| WHAT NEEDS TO BE DONE |
From the entries provided below, copy each line that contains the word "assms".

[Collected data]
lemma matrix_inv_matrix_inv:
  fixes A :: mat3
  assumes "invertible A"
  shows "matrix_inv (matrix_inv A) = A"
  using matrix_inv_unique matrix_inv_invertible[OF assms] by blast

lemma invertible_mult_vec_eq_0:
  fixes A :: mat3
  assumes "invertible A" "A *v v = 0"
  shows "v = 0"
  using assms matrix_left_invertible_ker invertible_def by blast

lemma cond_star_pingpong:
  fixes a b :: mat3 and Qa Qai Qb Qbi :: "vec3 \<Rightarrow> bool" and w :: vec3 and c :: real
  defines "ai \<equiv> matrix_inv a" and "bi \<equiv> matrix_inv b"
  assumes inv: "invertible a" "invertible b"
    and scale_inv: "scale_invariant Qa" "scale_invariant Qai" "scale_invariant Qb" "scale_invariant Qbi"
    and disj: "\<And>v. Qa v \<Longrightarrow> Qai v \<Longrightarrow> v = 0" "\<And>v. Qa v \<Longrightarrow> Qb v \<Longrightarrow> v = 0"
      "\<And>v. Qa v \<Longrightarrow> Qbi v \<Longrightarrow> v = 0" "\<And>v. Qai v \<Longrightarrow> Qb v \<Longrightarrow> v = 0"
      "\<And>v. Qai v \<Longrightarrow> Qbi v \<Longrightarrow> v = 0" "\<And>v. Qb v \<Longrightarrow> Qbi v \<Longrightarrow> v = 0"
    and w: "w \<noteq> 0" "\<not> Qa w" "\<not> Qai w" "\<not> Qb w" "\<not> Qbi w"
    and w_image: "Qa (a *v w)" "Qai (ai *v w)" "Qb (b *v w)" "Qbi (bi *v w)"
    and exp_a: "\<And>v. v \<noteq> 0 \<Longrightarrow> Qa v \<or> Qb v \<or> Qbi v \<Longrightarrow> Qa (a *v v) \<and> c * norm v \<le> norm (a *v v)"
    and exp_ai: "\<And>v. v \<noteq> 0 \<Longrightarrow> Qai v \<or> Qb v \<or> Qbi v \<Longrightarrow> Qai (ai *v v) \<and> c * norm v \<le> norm (ai *v v)"
    and exp_b: "\<And>v. v \<noteq> 0 \<Longrightarrow> Qb v \<or> Qa v \<or> Qai v \<Longrightarrow> Qb (b *v v) \<and> c * norm v \<le> norm (b *v v)"
    and exp_bi: "\<And>v. v \<noteq> 0 \<Longrightarrow> Qbi v \<or> Qa v \<or> Qai v \<Longrightarrow> Qbi (bi *v v) \<and> c * norm v \<le> norm (bi *v v)"
    and c: "c > 1"
  shows "cond_star {a, ai, b, bi}"
proof -
  have inv': "invertible ai" "invertible bi"
    using matrix_inv_invertible inv unfolding ai_def bi_def invertible_def by blast+
  have w_image_nz: "a *v w \<noteq> 0" "ai *v w \<noteq> 0" "b *v w \<noteq> 0" "bi *v w \<noteq> 0"
    using invertible_mult_vec_eq_0 inv inv' w(1) by blast+
  have "a \<noteq> ai" "a \<noteq> b" "a \<noteq> bi" "ai \<noteq> b" "ai \<noteq> bi" "b \<noteq> bi"
    using disj w_image w_image_nz by metis+
  note distinct = this this[symmetric]
  have inv_inv: "matrix_inv ai = a" "matrix_inv bi = b"
    using matrix_inv_matrix_inv inv unfolding ai_def bi_def by blast+
  define C where "C h = cone_lines (if h = a then Qa else if h = ai then Qai else if h = b then Qb else Qbi)"
    for h
  have C: "C a = cone_lines Qa" "C ai = cone_lines Qai" "C b = cone_lines Qb" "C bi = cone_lines Qbi"
    using distinct by (auto simp: C_def)
  have C_disj: "cone_lines Qa \<inter> cone_lines Qai = {}" "cone_lines Qa \<inter> cone_lines Qb = {}"
      "cone_lines Qa \<inter> cone_lines Qbi = {}" "cone_lines Qai \<inter> cone_lines Qb = {}"
      "cone_lines Qai \<inter> cone_lines Qbi = {}" "cone_lines Qb \<inter> cone_lines Qbi = {}"
    using cone_lines_disjoint scale_inv disj by blast+
  have c0: "c > 0" using c by simp
  have C_maps: "act a ` cone_lines Qa \<subseteq> cone_lines Qa" "act a ` cone_lines Qb \<subseteq> cone_lines Qa"
    "act a ` cone_lines Qbi \<subseteq> cone_lines Qa"
    "act ai ` cone_lines Qai \<subseteq> cone_lines Qai" "act ai ` cone_lines Qb \<subseteq> cone_lines Qai"
    "act ai ` cone_lines Qbi \<subseteq> cone_lines Qai"
    "act b ` cone_lines Qb \<subseteq> cone_lines Qb" "act b ` cone_lines Qa \<subseteq> cone_lines Qb"
    "act b ` cone_lines Qai \<subseteq> cone_lines Qb"
    "act bi ` cone_lines Qbi \<subseteq> cone_lines Qbi" "act bi ` cone_lines Qa \<subseteq> cone_lines Qbi"
    "act bi ` cone_lines Qai \<subseteq> cone_lines Qbi"
    by (rule act_cone_lines_subset[OF c0]; simp add: exp_a exp_ai exp_b exp_bi)+
  have norm_a: "c \<le> restr_norm a L" if "L \<in> cone_lines Qa \<union> cone_lines Qb \<union> cone_lines Qbi" for L
    using that scale_inv by (auto intro: restr_norm_ge_on_cone_lines simp: exp_a)
  have norm_ai: "c \<le> restr_norm ai L" if "L \<in> cone_lines Qai \<union> cone_lines Qb \<union> cone_lines Qbi" for L
    using that scale_inv by (auto intro: restr_norm_ge_on_cone_lines simp: exp_ai)
  have norm_b: "c \<le> restr_norm b L" if "L \<in> cone_lines Qb \<union> cone_lines Qa \<union> cone_lines Qai" for L
    using that scale_inv by (auto intro: restr_norm_ge_on_cone_lines simp: exp_b)
  have norm_bi: "c \<le> restr_norm bi L" if "L \<in> cone_lines Qbi \<union> cone_lines Qa \<union> cone_lines Qai" for L
    using that scale_inv by (auto intro: restr_norm_ge_on_cone_lines simp: exp_bi)
  show ?thesis
    unfolding cond_star_def
  proof (intro exI[of _ c] conjI c bexI[of _ "span {w}"] exI[of _ C] ballI impI)
    show "span {w} \<in> RP2" using w(1) RP2_iff_span_singleton by blast
    show "C h \<subseteq> RP2" for h by (simp add: C_def cone_lines_subset_RP2)
    show "C h \<inter> C h' = {}" if "h \<in> {a, ai, b, bi}" "h' \<in> {a, ai, b, bi}" "h \<noteq> h'" for h h'
      using that by (elim insertE emptyE; simp add: C C_disj Int_commute)
    show "span {w} \<notin> (\<Union>h\<in>{a, ai, b, bi}. C h)"
      using span_notin_cone_lines scale_inv w by (auto simp: C)
    show "act h (span {w}) \<in> C h" if "h \<in> {a, ai, b, bi}" for h
      using that act_span_mem_cone_lines w_image w_image_nz by (auto simp: C)
    show "act h ` C h' \<subseteq> C h" if "h \<in> {a, ai, b, bi}" "h' \<in> {a, ai, b, bi}" "h \<noteq> matrix_inv h'"
      for h h'
      using that by (elim insertE emptyE; simp add: C C_maps distinct inv_inv flip: ai_def bi_def)
    show "c \<le> restr_norm h L"
      if "h \<in> {a, ai, b, bi}" "L \<in> (\<Union>h'\<in>{h' \<in> {a, ai, b, bi}. h' \<noteq> matrix_inv h}. C h')" for h L
      using that by (elim insertE emptyE; auto simp: C distinct inv_inv intro: norm_a norm_ai norm_b norm_bi simp flip: ai_def bi_def)
  qed
qed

| EXPECTED OUTPUT |
  using matrix_inv_unique matrix_inv_invertible[OF assms] by blast
  using assms matrix_left_invertible_ker invertible_def by blast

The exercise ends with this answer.